lemma cis_ln_tendsto_power_num_prime_factors_outside:
  assumes "finite A" "0 \<notin> A" "norm z = 1"
  obtains T :: "nat \<Rightarrow> real"
  where "\<And>n. n \<in> A \<Longrightarrow> (\<lambda>m. cis (T m * ln (real n))) \<longlonglongrightarrow> z ^ num_prime_factors_outside S n"
proof -
  define P where "P = (\<Union>n\<in>A. prime_factors n)"
  define w where "w p = (if p \<in> S then 1 else z)" for p
  have "finite P" "\<And>p. p \<in> P \<Longrightarrow> prime p"
    using assms(1) by (auto simp: P_def in_prime_factors_iff)
  moreover have "\<And>p. norm (w p) = 1" using assms(3) by (simp add: w_def)
  ultimately obtain T where T: "\<And>p. p \<in> P \<Longrightarrow> (\<lambda>m. cis (T m * ln (real p))) \<longlonglongrightarrow> w p"
    using cis_ln_primes_tendsto[of P w] by blast
  show ?thesis
  proof (rule that)
    fix n assume "n \<in> A"
    then have "n > 0" "prime_factors n \<subseteq> P" using assms(2) P_def by (auto intro: Nat.gr0I)
    have "cis (T m * ln (real n)) =
        (\<Prod>p\<in>prime_factors n. cis (T m * ln (real p)) ^ multiplicity p n)" for m
      unfolding ln_eq_sum_prime_factors[OF \<open>n > 0\<close>] sum_distrib_left cis_sum
      by (intro prod.cong refl) (simp add: Complex.DeMoivre mult_ac)
    moreover have "(\<lambda>m. \<Prod>p\<in>prime_factors n. cis (T m * ln (real p)) ^ multiplicity p n)
        \<longlonglongrightarrow> (\<Prod>p\<in>prime_factors n. w p ^ multiplicity p n)"
      using T \<open>prime_factors n \<subseteq> P\<close> by (intro tendsto_prod tendsto_power) auto
    ultimately show "(\<lambda>m. cis (T m * ln (real n))) \<longlonglongrightarrow> z ^ num_prime_factors_outside S n"
      by (simp add: power_num_prime_factors_outside w_def)
  qed
qed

---

Activity -
Reproduce, word for word, the line containing "(simp add: w_def)" along with every later line of the listing, and leave out all earlier lines.

Result -
  moreover have "\<And>p. norm (w p) = 1" using assms(3) by (simp add: w_def)
  ultimately obtain T where T: "\<And>p. p \<in> P \<Longrightarrow> (\<lambda>m. cis (T m * ln (real p))) \<longlonglongrightarrow> w p"
    using cis_ln_primes_tendsto[of P w] by blast
  show ?thesis
  proof (rule that)
    fix n assume "n \<in> A"
    then have "n > 0" "prime_factors n \<subseteq> P" using assms(2) P_def by (auto intro: Nat.gr0I)
    have "cis (T m * ln (real n)) =
        (\<Prod>p\<in>prime_factors n. cis (T m * ln (real p)) ^ multiplicity p n)" for m
      unfolding ln_eq_sum_prime_factors[OF \<open>n > 0\<close>] sum_distrib_left cis_sum
      by (intro prod.cong refl) (simp add: Complex.DeMoivre mult_ac)
    moreover have "(\<lambda>m. \<Prod>p\<in>prime_factors n. cis (T m * ln (real p)) ^ multiplicity p n)
        \<longlonglongrightarrow> (\<Prod>p\<in>prime_factors n. w p ^ multiplicity p n)"
      using T \<open>prime_factors n \<subseteq> P\<close> by (intro tendsto_prod tendsto_power) auto
    ultimately show "(\<lambda>m. cis (T m * ln (real n))) \<longlonglongrightarrow> z ^ num_prime_factors_outside S n"
      by (simp add: power_num_prime_factors_outside w_def)
  qed
qed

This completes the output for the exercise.